She sat up abruptly. She was blushing. With one hand, she gingerly touched the skin along one cheekbone. Then she put her hands over her face and rubbed her eyes. “I shouldn’t have had that coffee. Now I feel sick.” Lowering her hands slowly, she pressed her fingertips against her lips a moment before taking them away and looking at them. “See? I’m shaking.”

Silence came, and it grew very, very long.

At last she sank back into the cushions on the couch. She sighed. “If you’re wondering what happened that night, what happened at that dinner, suffice it to say that a lot of people forgot they’d come for an awards ceremony. I got the attention I was wanting so much.”

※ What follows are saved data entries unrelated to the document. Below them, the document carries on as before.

lemma regularity_class_loc_holder:
  assumes "open S" "0 < \<alpha>" "\<alpha> \<le> 1"
  shows "regularity_class (loc_holder \<alpha> S) S"
proof
  show "open S"
    by (fact assms(1))
  show "loc_holder \<alpha> S g" if "loc_holder \<alpha> S f" "\<And>x. x \<in> S \<Longrightarrow> f x = g x" for f g
    by (rule loc_holder_cong[OF that])
  show "loc_holder \<alpha> S (\<lambda>x. f x + g x)" if "loc_holder \<alpha> S f" "loc_holder \<alpha> S g" for f g
    by (rule loc_holder_add[OF that])
  show "loc_holder \<alpha> S (\<lambda>x. f x * g x)" if "loc_holder \<alpha> S f" "loc_holder \<alpha> S g" for f g
    by (rule loc_holder_mult[OF that assms(1,2)])
  show "loc_holder \<alpha> S (\<lambda>x. inverse (f x))"
    if "loc_holder \<alpha> S f" "\<And>x. x \<in> S \<Longrightarrow> f x \<noteq> 0" for f
    by (rule loc_holder_inverse[OF that(1) assms(1,2) that(2)])
  show "loc_holder \<alpha> S (\<lambda>x. c)" for c
    by (rule loc_holder_lipschitz[OF assms(2,3), where L=0]) simp
  show "loc_holder \<alpha> S (\<lambda>x. x $ j)" for j
    by (rule loc_holder_lipschitz[OF assms(2,3), where L=1]) (metis dist_real_def dist_vec_nth_le mult_1)
  show "loc_holder \<alpha> S (\<lambda>x. \<phi> (f x))"
    if "loc_holder \<alpha> S f" "convex U" "open U" "f ` S \<subseteq> U"
      "\<And>s. s \<in> U \<Longrightarrow> (\<phi> has_real_derivative \<phi>' s) (at s)" "continuous_on U \<phi>'"
    for f U \<phi> \<phi>'
    by (rule loc_holder_compose[OF that(1) assms(1,2) that(2,4-6)])
  show "continuous_on S f" if "loc_holder \<alpha> S f" for f
    by (rule loc_holder_imp_continuous_on[OF that assms(1,2)])
qed

lemma regularity_class_continuous_on:
  assumes "open S"
  shows "regularity_class (continuous_on S) S"
proof
  show "open S"
    by (fact assms)
  show "continuous_on S g" if "continuous_on S f" "\<And>x. x \<in> S \<Longrightarrow> f x = g x" for f g :: "real^3 \<Rightarrow> real"
    using iffD1[OF continuous_on_cong[OF refl that(2)] that(1)] .
  show "continuous_on S (\<lambda>x. f x + g x)" if "continuous_on S f" "continuous_on S g"
    for f g :: "real^3 \<Rightarrow> real"
    using continuous_on_add[OF that] .
  show "continuous_on S (\<lambda>x. f x * g x)" if "continuous_on S f" "continuous_on S g"
    for f g :: "real^3 \<Rightarrow> real"
    using continuous_on_mult[OF that] .
  show "continuous_on S (\<lambda>x. inverse (f x))"
    if "continuous_on S f" "\<And>x. x \<in> S \<Longrightarrow> f x \<noteq> 0" for f :: "real^3 \<Rightarrow> real"
    using that by (intro continuous_intros) auto
  show "continuous_on S (\<lambda>x. c)" "continuous_on S (\<lambda>x. x $ j)" for c :: real and j
    by (intro continuous_intros)+
  show "continuous_on S (\<lambda>x. \<phi> (f x))"
    if "continuous_on S f" "f ` S \<subseteq> U" "\<And>s. s \<in> U \<Longrightarrow> (\<phi> has_real_derivative \<phi>' s) (at s)"
    for f :: "real^3 \<Rightarrow> real" and U \<phi> \<phi>'
  proof (rule continuous_on_compose2[OF _ that(1,2)])
    show "continuous_on U \<phi>"
      using that(3) by (intro continuous_at_imp_continuous_on ballI DERIV_isCont) auto
  qed
qed

section \<open>A flat function and smooth radial cutoffs\<close>

definition flat_exp :: "real poly \<Rightarrow> real \<Rightarrow> real" where
  "flat_exp p s = (if 0 < s then poly p (inverse s) * exp (- inverse s) else 0)"

text \<open>For \<open>s > 0\<close>: \<open>d/ds (p(1/s) exp(-1/s)) = q(1/s) exp(-1/s)\<close> with \<open>q(u) = u\<^sup>2 (p(u) - p'(u))\<close>.\<close>

definition flat_exp_deriv_poly :: "real poly \<Rightarrow> real poly" where
  "flat_exp_deriv_poly p = [:0, 0, 1:] * (p - pderiv p)"

lemma poly_times_exp_minus_tendsto_0:
  fixes p :: "real poly"
  shows "((\<lambda>u. poly p u * exp (- u)) \<longlongrightarrow> 0) at_top"
proof -
  have "((\<lambda>u. \<Sum>i\<le>degree p. coeff p i * (u ^ i / exp u)) \<longlongrightarrow> 0) at_top"
    by (intro tendsto_null_sum tendsto_mult_right_zero tendsto_power_div_exp_0)
  moreover have "poly p u * exp (- u) = (\<Sum>i\<le>degree p. coeff p i * (u ^ i / exp u))" for u :: real
    by (simp add: poly_altdef sum_distrib_right exp_minus divide_inverse mult.assoc)
  ultimately show ?thesis
    by simp
qed

lemma poly_inverse_times_exp_tendsto_0:
  fixes p :: "real poly"
  shows "((\<lambda>s. poly p (inverse s) * exp (- inverse s)) \<longlongrightarrow> 0) (at_right 0)"
  using filterlim_compose[OF poly_times_exp_minus_tendsto_0 filterlim_inverse_at_top_right] by simp

lemma has_real_derivative_flat_exp_pos:
  assumes "0 < s"
  shows "(flat_exp p has_real_derivative flat_exp (flat_exp_deriv_poly p) s) (at s)"
proof -
  have inv: "(inverse has_real_derivative - inverse (s^2)) (at s)"
    using DERIV_inverse[of s] assms by (simp add: power2_eq_square power_inverse)
  have "((\<lambda>s. poly p (inverse s) * exp (- inverse s)) has_real_derivative
      poly (pderiv p) (inverse s) * (- inverse (s^2)) * exp (- inverse s)
      + poly p (inverse s) * (exp (- inverse s) * inverse (s^2))) (at s)"
    using DERIV_mult[OF DERIV_chain2[OF poly_DERIV inv] DERIV_chain2[OF DERIV_exp DERIV_minus[OF inv]]]
    by (simp add: algebra_simps)
  moreover have "poly (pderiv p) (inverse s) * (- inverse (s^2)) * exp (- inverse s)
      + poly p (inverse s) * (exp (- inverse s) * inverse (s^2)) = flat_exp (flat_exp_deriv_poly p) s"
    using assms by (simp add: flat_exp_def flat_exp_deriv_poly_def power2_eq_square algebra_simps)
  ultimately have "((\<lambda>s. poly p (inverse s) * exp (- inverse s)) has_real_derivative
      flat_exp (flat_exp_deriv_poly p) s) (at s)"
    by simp
  then show ?thesis
    by (rule has_field_derivative_transform_within_open[where S="{0<..}"])
      (use assms in \<open>auto simp: flat_exp_def\<close>)
qed

lemma has_real_derivative_flat_exp_neg:
  assumes "s < 0"
  shows "(flat_exp p has_real_derivative flat_exp q s) (at s)"
proof -
  have "((\<lambda>s. 0) has_real_derivative 0) (at s)"
    by simp
  then have "(flat_exp p has_real_derivative 0) (at s)"
    by (rule has_field_derivative_transform_within_open[where S="{..<0}"])
      (use assms in \<open>auto simp: flat_exp_def\<close>)
  then show ?thesis
    using assms by (simp add: flat_exp_def)
qed

lemma has_real_derivative_flat_exp_0: "(flat_exp p has_real_derivative flat_exp q 0) (at 0)"
proof -
  have "((\<lambda>y. (flat_exp p y - flat_exp p 0) / (y - 0)) \<longlongrightarrow> 0) (at (0::real))"
  proof (rule filterlim_split_at)
    have "eventually (\<lambda>y. 0 = (flat_exp p y - flat_exp p 0) / (y - 0)) (at_left (0::real))"
      unfolding eventually_at_left_field by (intro exI[of _ "-1"]) (auto simp: flat_exp_def)
    then show "((\<lambda>y. (flat_exp p y - flat_exp p 0) / (y - 0)) \<longlongrightarrow> 0) (at_left 0)"
      by (rule Lim_transform_eventually[OF tendsto_const])
  next
    have "eventually (\<lambda>y. poly (pCons 0 p) (inverse y) * exp (- inverse y)
        = (flat_exp p y - flat_exp p 0) / (y - 0)) (at_right (0::real))"
      unfolding eventually_at_right_field by (intro exI[of _ 1]) (auto simp: flat_exp_def field_simps)
    then show "((\<lambda>y. (flat_exp p y - flat_exp p 0) / (y - 0)) \<longlongrightarrow> 0) (at_right 0)"
      by (rule Lim_transform_eventually[OF poly_inverse_times_exp_tendsto_0])
  qed
  then show ?thesis
    by (simp add: has_field_derivative_iff flat_exp_def)
qed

She glanced over, and I nodded.

“I’ve got to admit, I don’t even remember what all happened. What I do remember is so incredibly humiliating that I hate to even think what I might have gotten up to that I don’t know about. I remember John taking me out of the room. And I remember getting sick all over the sidewalk outside, but that’s about all, until the next morning, when I woke up in the apartment of this other guy on the project. God knows how I got there. I hardly knew him, which makes it worse, because I can just imagine what might have happened. Anyway, I couldn’t go back. Not after embarrassing John and the others in front of everybody. How could I? And I sure never told Tom. In the end, I just withdrew from the project. I came back here, wrote out my resignation and never returned. That seemed the only alternative.”

Silence.

Ladbrooke blew out a long breath. “So, now you really know what kind of stupid booby you’ve gotten lumbered with.”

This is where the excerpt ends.